Jody Mason
Professor
University of Bath
Talk Information
Peptides in Oncology
18 June 2025, 11:25am - 11:50am, in the Pacific Jewel Ballroom
L43 – Switching off Transcription Factors Using Intracellular Library-derived Peptides
Academic Background
Professor Jody Mason received his B.Sc., Hons., in Biochemistry and his Ph.D. from the University of Bristol, UK, where he studied the folding and stability of disulfide-bridged proteins. Following postdoctoral research in the fields of protein misfolding, Manchester, UK, and peptide–DNA interactions, Freiburg, Germany, he established his independent research group at the University of Essex in 2007. In 2015 he moved his research group to the University of Bath. His academic trajectory has focused on the development of peptide-based tools and therapeutics to target challenging protein–protein interactions.
Research Focus
Professor Mason’s laboratory specialises in targeting transcription factors and other classically “undruggable” protein–protein interactions using intracellularly screened peptide libraries. He has developed two key platforms – the Protein Fragment Complementation Assay, PCA, and Transcription Block Survival, TBS, to enable selection of potent and selective peptide inhibitors within living cells. His group is also advancing approaches for peptide cyclisation, covalent target engagement, and the rational design of conformationally constrained peptide antagonists. These strategies have been applied to oncogenic transcription factors and misfolded proteins relevant to neurodegenerative disease.
Notable Contributions
Professor Mason has made substantial contributions to the discovery and optimisation of intracellular peptide therapeutics, particularly in systems where transcription factor dysregulation or protein aggregation is central to pathology. His group recently demonstrated that library-derived constrained peptides can be selected in live cells based on their ability to block target DNA binding. Recent publications in Advanced Science, ACS Chemical Biology, Molecular Neurodegeneration, Molecular Cancer, Cell Reports Physical Science, and JACS Au highlight the discovery of peptide antagonists with selective activity against disease-associated transcription factors and the use of chemical and enzymatic strategies to cyclise peptides inside cells.
Professional Engagements
Professor Mason served on the Alzheimer’s Research UK Grant Review Board, 2016–2023, and is a long-standing member of BBSRC Panel D, since 2017. He is currently funded by EPSRC, BBSRC, Innovate UK, and Alzheimer’s Research UK Project Grants, and co-leads the Bath Advanced Research and Drug Discovery, BARDD, Centre, an interdisciplinary initiative supporting translational drug discovery. In addition to his academic role, he serves as Chief Scientific Officer of Revolver Therapeutics, a University of Bath spinout focused on peptide-based transcription factor inhibitors, and is an advisor to Sapience Therapeutics, a US-based biotechnology company developing peptide therapeutics in oncology.
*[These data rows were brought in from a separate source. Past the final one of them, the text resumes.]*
lemma FTC_Iio:
  fixes F f :: "real \<Rightarrow> real"
  assumes F: "\<And>x. (F has_real_derivative f x) (at x)" and f: "\<And>x. isCont f x"
    and nonneg: "\<And>x. f x \<ge> 0" and lim: "(F \<longlongrightarrow> 0) at_bot"
  shows "set_integrable lborel {..<y} f" and "(LBINT x:{..<y}. f x) = F y"
proof -
  have A: "((F \<circ> real_of_ereal) \<longlongrightarrow> 0) (at_right (- \<infinity>))"
    using lim by (simp add: ereal_tendsto_simps)
  have B: "((F \<circ> real_of_ereal) \<longlongrightarrow> F y) (at_left (ereal y))"
    using DERIV_isCont[OF F] by (simp add: ereal_tendsto_simps isCont_def filterlim_at_split)
  note I = interval_integral_FTC_nonneg[where a = "- \<infinity>" and b = "ereal y", OF _ F f _ A B]
  show "set_integrable lborel {..<y} f" "(LBINT x:{..<y}. f x) = F y"
    using I nonneg by (simp_all add: einterval_eq_Iic interval_lebesgue_integral_def)
qed

lemma FTC_Ioi:
  fixes F f :: "real \<Rightarrow> real"
  assumes F: "\<And>x. (F has_real_derivative f x) (at x)" and f: "\<And>x. isCont f x"
    and nonneg: "\<And>x. f x \<ge> 0" and lim: "(F \<longlongrightarrow> 0) at_top"
  shows "set_integrable lborel {y<..} f" and "(LBINT x:{y<..}. f x) = - F y"
proof -
  have A: "((F \<circ> real_of_ereal) \<longlongrightarrow> F y) (at_right (ereal y))"
    using DERIV_isCont[OF F] by (simp add: ereal_tendsto_simps isCont_def filterlim_at_split)
  have B: "((F \<circ> real_of_ereal) \<longlongrightarrow> 0) (at_left \<infinity>)"
    using lim by (simp add: ereal_tendsto_simps)
  note I = interval_integral_FTC_nonneg[where a = "ereal y" and b = "\<infinity>", OF _ F f _ A B]
  show "set_integrable lborel {y<..} f" "(LBINT x:{y<..}. f x) = - F y"
    using I nonneg by (simp_all add: einterval_eq_Ici interval_lebesgue_integral_def)
qed

lemma Phi_conv_exp:
  shows "integrable lborel (\<lambda>u. Phi n u * exp (- \<bar>y - u\<bar>))"
    and "(LINT u|lborel. Phi n u * exp (- \<bar>y - u\<bar>)) = Phi (Suc n) y"
proof -
  define F1 where "F1 u = exp (u - y) * (Phi (Suc n) u - dPhi n u) / 2" for u
  define F2 where "F2 u = - exp (y - u) * (Phi (Suc n) u + dPhi n u) / 2" for u
  define f1 where "f1 u = Phi n u * exp (u - y)" for u
  define f2 where "f2 u = Phi n u * exp (y - u)" for u
  have d1: "(F1 has_real_derivative f1 u) (at u)" for u
  proof -
    have "(F1 has_real_derivative (exp (u - y) * (Phi (Suc n) u - dPhi n u)
          + exp (u - y) * (dPhi n u - (Phi (Suc n) u - 2 * Phi n u))) / 2) (at u)"
      unfolding F1_def [abs_def] by (auto intro!: derivative_eq_intros Phi_deriv dPhi_deriv)
    then show ?thesis by (rule DERIV_cong) (simp add: f1_def algebra_simps)
  qed
  have d2: "(F2 has_real_derivative f2 u) (at u)" for u
  proof -
    have "(F2 has_real_derivative (exp (y - u) * (Phi (Suc n) u + dPhi n u)
          - exp (y - u) * (dPhi n u + (Phi (Suc n) u - 2 * Phi n u))) / 2) (at u)"
      unfolding F2_def [abs_def] by (auto intro!: derivative_eq_intros Phi_deriv dPhi_deriv)
        (simp add: field_simps)
    then show ?thesis by (rule DERIV_cong) (simp add: f2_def algebra_simps)
  qed
  have "(F1 \<longlongrightarrow> (0 - 0) / 2) at_bot"
    unfolding F1_def right_diff_distrib
    by (intro tendsto_divide tendsto_diff exp_decay_tendsto_at_bot Phi_exp_decay dPhi_exp_decay) auto
  then have I1: "set_integrable lborel {..<y} f1" "(LBINT u:{..<y}. f1 u) = F1 y"
    by (intro FTC_Iio[OF d1]; simp add: f1_def Phi_nonneg Phi_isCont)+
  have "(F2 \<longlongrightarrow> - (0 + 0) / 2) at_top"
    unfolding F2_def mult_minus_left distrib_left
    by (intro tendsto_divide tendsto_minus tendsto_add exp_decay_tendsto_at_top Phi_exp_decay dPhi_exp_decay) auto
  then have I2: "set_integrable lborel {y<..} f2" "(LBINT u:{y<..}. f2 u) = - F2 y"
    by (intro FTC_Ioi[OF d2]; simp add: f2_def Phi_nonneg Phi_isCont)+
  have ae: "AE u in lborel. Phi n u * exp (- \<bar>y - u\<bar>) = indicator {..<y} u * f1 u + indicator {y<..} u * f2 u"
    using AE_lborel_singleton[of y] by eventually_elim (auto simp: f1_def f2_def indicator_def)
  have int1: "integrable lborel (\<lambda>u. indicator {..<y} u * f1 u)"
    and int2: "integrable lborel (\<lambda>u. indicator {y<..} u * f2 u)"
    using I1(1) I2(1) by (simp_all add: set_integrable_def)
  have meas: "(\<lambda>u. Phi n u * exp (- \<bar>y - u\<bar>)) \<in> borel_measurable lborel" by measurable
  show "integrable lborel (\<lambda>u. Phi n u * exp (- \<bar>y - u\<bar>))"
    using integrable_cong_AE_imp[OF Bochner_Integration.integrable_add[OF int1 int2] meas] ae by (simp add: eq_commute)
  have "(LINT u|lborel. Phi n u * exp (- \<bar>y - u\<bar>))
        = (LINT u|lborel. indicator {..<y} u * f1 u + indicator {y<..} u * f2 u)"
    by (rule integral_cong_AE[OF meas _ ae]) (simp add: f1_def f2_def)
  also have "\<dots> = (LINT u|lborel. indicator {..<y} u * f1 u) + (LINT u|lborel. indicator {y<..} u * f2 u)"
    by (rule Bochner_Integration.integral_add[OF int1 int2])
  also have "\<dots> = F1 y - F2 y"
    using I1(2) I2(2) by (simp add: set_lebesgue_integral_def)
  also have "\<dots> = Phi (Suc n) y"
    by (simp add: F1_def F2_def field_simps)
  finally show "(LINT u|lborel. Phi n u * exp (- \<bar>y - u\<bar>)) = Phi (Suc n) y" .
qed

lemma Phi_conv_exp_scaled:
  assumes a: "a > 0"
  shows "(LINT t|lborel. Phi n (a * t) * exp (- a * \<bar>x - t\<bar>)) = Phi (Suc n) (a * x) / a"
proof -
  have "(LINT u|lborel. Phi n u * exp (- \<bar>a * x - u\<bar>))
        = \<bar>a\<bar> *\<^sub>R (LINT t|lborel. Phi n (0 + a * t) * exp (- \<bar>a * x - (0 + a * t)\<bar>))"
    using a by (intro lborel_integral_real_affine) simp
  moreover have "\<bar>a * x - a * t\<bar> = a * \<bar>x - t\<bar>" for t
    using a by (simp add: abs_mult right_diff_distrib [symmetric])
  ultimately show ?thesis using Phi_conv_exp(2)[of n "a * x"] a by (simp add: field_simps)
qed

lemma conv_pow_closed_form:
  fixes C a :: real and g :: "real \<Rightarrow> real"
  assumes a: "a > 0" and g: "\<And>x. g x = C * exp (- a * \<bar>x\<bar>)"
  shows "conv_pow g (Suc n) x = C ^ Suc n / (2 * pi * a) ^ n * Phi n (a * x)"
proof (induction n arbitrary: x)
  case 0
  show ?case using a by (simp add: g Phi_def phi_def abs_mult)
next
  case (Suc n)
  define K where "K = C ^ Suc n / (2 * pi * a) ^ n"
  have "conv_pow g (Suc (Suc n)) x = 1 / (2 * pi) * (LINT t|lborel. K * Phi n (a * t) * (C * exp (- a * \<bar>x - t\<bar>)))"
    by (simp add: nconv_def Suc K_def g)
  also have "\<dots> = K * C / (2 * pi) * (LINT t|lborel. Phi n (a * t) * exp (- a * \<bar>x - t\<bar>))"
    by (simp add: mult_ac)
  also have "\<dots> = K * C / (2 * pi) * (Phi (Suc n) (a * x) / a)"
    by (simp only: Phi_conv_exp_scaled[OF a])
  also have "\<dots> = C ^ Suc (Suc n) / (2 * pi * a) ^ Suc n * Phi (Suc n) (a * x)"
    using a by (simp add: K_def field_simps)
  finally show ?case .
qed

definition besselK_kernel :: "real \<Rightarrow> real \<Rightarrow> real \<Rightarrow> real" where
  "besselK_kernel \<nu> x t = exp (- x * cosh t) * cosh (\<nu> * t)"

lemma besselK_kernel_measurable [measurable]: "besselK_kernel \<nu> x \<in> borel_measurable borel"
  unfolding besselK_kernel_def [abs_def]
  by (intro borel_measurable_continuous_onI continuous_intros)

lemma besselK_Ioi: "besselK \<nu> x = (LBINT t:{0<..}. besselK_kernel \<nu> x t)"
  unfolding besselK_def besselK_kernel_def
  by (rule set_integral_discrete_difference[where X = "{0}"]) auto

lemma besselK_minus_order: "besselK (- \<nu>) x = besselK \<nu> x"
  by (simp add: besselK_def)

(* e^{-x cosh t} beats every exponential e^{c t}; this gives integrability of the kernel
   and the vanishing of boundary terms at infinity. *)
lemma exp_neg_cosh_bound:
  fixes x t c :: real
  assumes x: "x > 0" and t: "t \<ge> 0"
  shows "exp (- x * cosh t) * exp (c * t) \<le> exp ((c + 1)\<^sup>2 / x) * exp (- t)"
proof -
  have "t\<^sup>2 / 4 \<le> exp t / 2" using exp_lower_Taylor_quadratic[OF t] t by simp
  also have "\<dots> \<le> cosh t" by (simp add: cosh_def)
  finally have "x * (t\<^sup>2 / 4) \<le> x * cosh t" using x by simp
  moreover have "x * (t\<^sup>2 / 4) - (c + 1) * t + (c + 1)\<^sup>2 / x = (x / 4) * (t - 2 * (c + 1) / x)\<^sup>2"
    using x by (simp add: power2_eq_square field_simps)
  moreover have "(x / 4) * (t - 2 * (c + 1) / x)\<^sup>2 \<ge> 0" using x by simp
  ultimately have "- x * cosh t + c * t \<le> (c + 1)\<^sup>2 / x + - t" by (simp add: algebra_simps)
  then show ?thesis by (simp add: exp_add [symmetric])
qed

lemma cosh_le_exp_abs: "cosh (x::real) \<le> exp \<bar>x\<bar>"
  unfolding cosh_def by (cases "x \<ge> 0") (auto simp: field_simps)

lemma abs_sinh_le_exp_abs: "\<bar>sinh (x::real)\<bar> \<le> exp \<bar>x\<bar>"
  unfolding sinh_def by (cases "x \<ge> 0") (auto simp: field_simps abs_le_iff)

lemma exp_neg_set_integrable: "set_integrable lborel {0<..} (\<lambda>t::real. exp (- t))"
proof (rule FTC_Ioi(1))
  show "((\<lambda>t. - exp (- t)) has_real_derivative exp (- t)) (at t)" for t :: real
    by (auto intro!: derivative_eq_intros)
  show "((\<lambda>t. - exp (- t :: real)) \<longlongrightarrow> 0) at_top"
    using tendsto_minus[OF filterlim_compose[OF exp_at_bot filterlim_uminus_at_bot_at_top]] by simp
qed auto

lemma besselK_kernel_integrable:
  assumes x: "x > 0"
  shows "set_integrable lborel {0<..} (besselK_kernel \<nu> x)"
  unfolding set_integrable_def
proof (rule Bochner_Integration.integrable_bound)
  show "integrable lborel (\<lambda>t. exp ((\<bar>\<nu>\<bar> + 1)\<^sup>2 / x) * (indicator {0<..} t *\<^sub>R exp (- t)))"
    using exp_neg_set_integrable by (simp add: set_integrable_def)
  show "(\<lambda>t. indicator {0<..} t *\<^sub>R besselK_kernel \<nu> x t) \<in> borel_measurable lborel"
    by measurable
  have "\<bar>besselK_kernel \<nu> x t\<bar> \<le> exp ((\<bar>\<nu>\<bar> + 1)\<^sup>2 / x) * exp (- t)" if "t \<ge> 0" for t
  proof -
    have "\<bar>besselK_kernel \<nu> x t\<bar> \<le> exp (- x * cosh t) * exp (\<bar>\<nu>\<bar> * t)"
      unfolding besselK_kernel_def using cosh_le_exp_abs[of "\<nu> * t"] that
      by (auto simp: abs_mult intro!: mult_left_mono)
    also have "\<dots> \<le> exp ((\<bar>\<nu>\<bar> + 1)\<^sup>2 / x) * exp (- t)" by (rule exp_neg_cosh_bound[OF x that])
    finally show ?thesis .
  qed
  then show "AE t in lborel. norm (indicator {0<..} t *\<^sub>R besselK_kernel \<nu> x t)
      \<le> norm (exp ((\<bar>\<nu>\<bar> + 1)\<^sup>2 / x) * (indicator {0<..} t *\<^sub>R exp (- t)))"
    by (auto simp: indicator_def)
qed

lemma cosh_shifted_orders:
  fixes \<nu> t :: real
  shows "cosh ((\<nu> + 1) * t) = cosh ((\<nu> - 1) * t) + 2 * sinh t * sinh (\<nu> * t)"
proof -
  have "cosh ((\<nu> + 1) * t) = cosh (\<nu> * t + t)" "cosh ((\<nu> - 1) * t) = cosh (\<nu> * t - t)"
    by (simp_all add: algebra_simps)
  then show ?thesis by (simp add: cosh_add cosh_diff)
qed
(* Let $G$ be a simple graph on $n$ vertices with $cM_2(G)\ge cM_2(H)$ for every simple graph $H$ on $n$ vertices, and let $F$, $X$, $Y$, $N^+_F$ be as defined in the context. If $u,v\in X$ and $d_G(u)\ge d_G(v)$, then $N^+_F(u)\cap Y\supseteq N^+_F(v)\cap Y$.
   Context: All graphs are finite and simple; $d_G(u)$ is the degree of $u$ and $cM_2(G)=\sum_{uv\in E(G)}|d_G(u)^2-d_G(v)^2|$. The canonical mixed graph $F$ of $G$ has vertex set $V(G)$; for each edge $uv\in E(G)$: if $d_G(u)>d_G(v)$ then $F$ contains the arc $\overrightarrow{uv}$, and if $d_G(u)=d_G(v)$ then $F$ contains the undirected edge $uv$. $d^+_F(u)$ (resp. $d^-_F(u)$) is the number of arcs of $F$ with tail (resp. head) $u$; $N^+_F(u)=\{w:\overrightarrow{uw}\in A(F)\}$. $X=\{u\in V(G): d^+_F(u)\ge d^-_F(u)\}$ and $Y=\{u\in V(G): d^+_F(u)< d^-_F(u)\}$. *)

theory Defs
  imports Main
begin

definition simple_graph :: "nat \<Rightarrow> nat set set \<Rightarrow> bool" where
  "simple_graph n E \<longleftrightarrow> E \<subseteq> {{a, b} | a b. a \<noteq> b \<and> a < n \<and> b < n}"

definition deg :: "nat set set \<Rightarrow> nat \<Rightarrow> nat" where
  "deg E u = card {e \<in> E. u \<in> e}"

text \<open>cM_2(G) = sum over edges uv of |d(u)^2 - d(v)^2|; each edge {a,b} is counted once
  via its orientation a < b.\<close>
definition cM2 :: "nat set set \<Rightarrow> int" where
  "cM2 E = (\<Sum>(a, b) \<in> {(a, b). {a, b} \<in> E \<and> a < b}.
              \<bar>int (deg E a) ^ 2 - int (deg E b) ^ 2\<bar>)"
lemma tau_0:
  assumes "x \<le> 0"
  shows "tau a 0 f (2 * x + f x) = x"
  unfolding tau_def xplus_0 delta_def phi_0 Fal_0
proof (rule the_equality)
  show "x \<le> 0 \<and> x + (f x / (1 - 0) - \<bar>x\<bar>) = 2 * x + f x"
    using assms by simp
  show "y = x" if "y \<le> 0 \<and> y + (f y / (1 - 0) - \<bar>y\<bar>) = 2 * x + f x" for y
    using strict_mono_on_eqD[OF double_plus_f_strict_mono_on_nonpos, of y x] assms that by auto
qed

lemma Sh_0_graph:
  assumes "x \<le> 0"
  shows "Sh a 0 f (2 * x + f x) = f x"
proof -
  have "2 * x + f x \<le> 2 * 0 + f 0"
    using strict_mono_on_leD[OF double_plus_f_strict_mono_on_nonpos, of x 0] assms by simp
  then show ?thesis
    by (simp add: Sh_def salpha_0 tau_0 assms)
qed

lemma Sh_0_left:
  assumes "x \<le> -a"
  shows "Sh a 0 f x = f x"
proof -
  have "x \<le> 0" and "2 * x + f x = x"
    using f_eq_abs[of x] assms a_pos by auto
  then show ?thesis
    using Sh_0_graph by metis
qed

lemma Sh_0_right:
  assumes "f 0 \<le> y"
  shows "Sh a 0 f y = y"
proof (cases "y = f 0")
  case True
  then show ?thesis
    using Sh_0_graph[of 0] by simp
next
  case False
  then show ?thesis
    using assms by (simp add: Sh_def salpha_0)
qed

end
Protein-protein interactions, and in particular Transcription Factors, TFs, remain compelling drug targets, yet are often intractable to small molecules and inaccessible to larger biologics. Peptides occupy an attractive middle ground if they can become suitable ordered for target engagement. We utilise intracellular peptide library screening approaches to identify selective peptide-based inhibitors that can functionally antagonise TFs.
There are two novelties to our approach:
i| our Transcription Block Survival, TBS, peptide-library screening platform in which TF consensus sites are placed directly into the coding region of an essential gene. Subsequent TF binding within the gene directly blocks gene transcription leading to cell death under selective conditions. Cell survival is therefore only possible if antagonists bind to the TF, but more importantly can prevent it from binding to its consensus sequence, thus shutting down TF function. TBS is an entirely tag-free genotype-to-phenotype approach, selecting desirable attributes such as high solubility, target specificity, biostability and low toxicity within the complex environment of the cell. TBS facilitates rapid library screening to accelerate identification of therapeutically valuable sequences.
ii| concomitant deployment of cell penetrating crosslinkers. These enter cells to post-translationally constrain every library member into conformations not possible via genetic encoding alone, to select only those in which crosslinking translates into improve target antagonism. Screening ultra-structured biostable peptide libraries, where entire libraries are constrained during the search is highly desirable as it prevents a slow and costly retrospective trial-and-error search for beneficial crosslinkers, positions, and sequences.
Using several different exemplars, I will discuss how library-derived constrained peptide antagonists are derived and discuss their characterisation using a range of biophysical and cancer cell-based assays.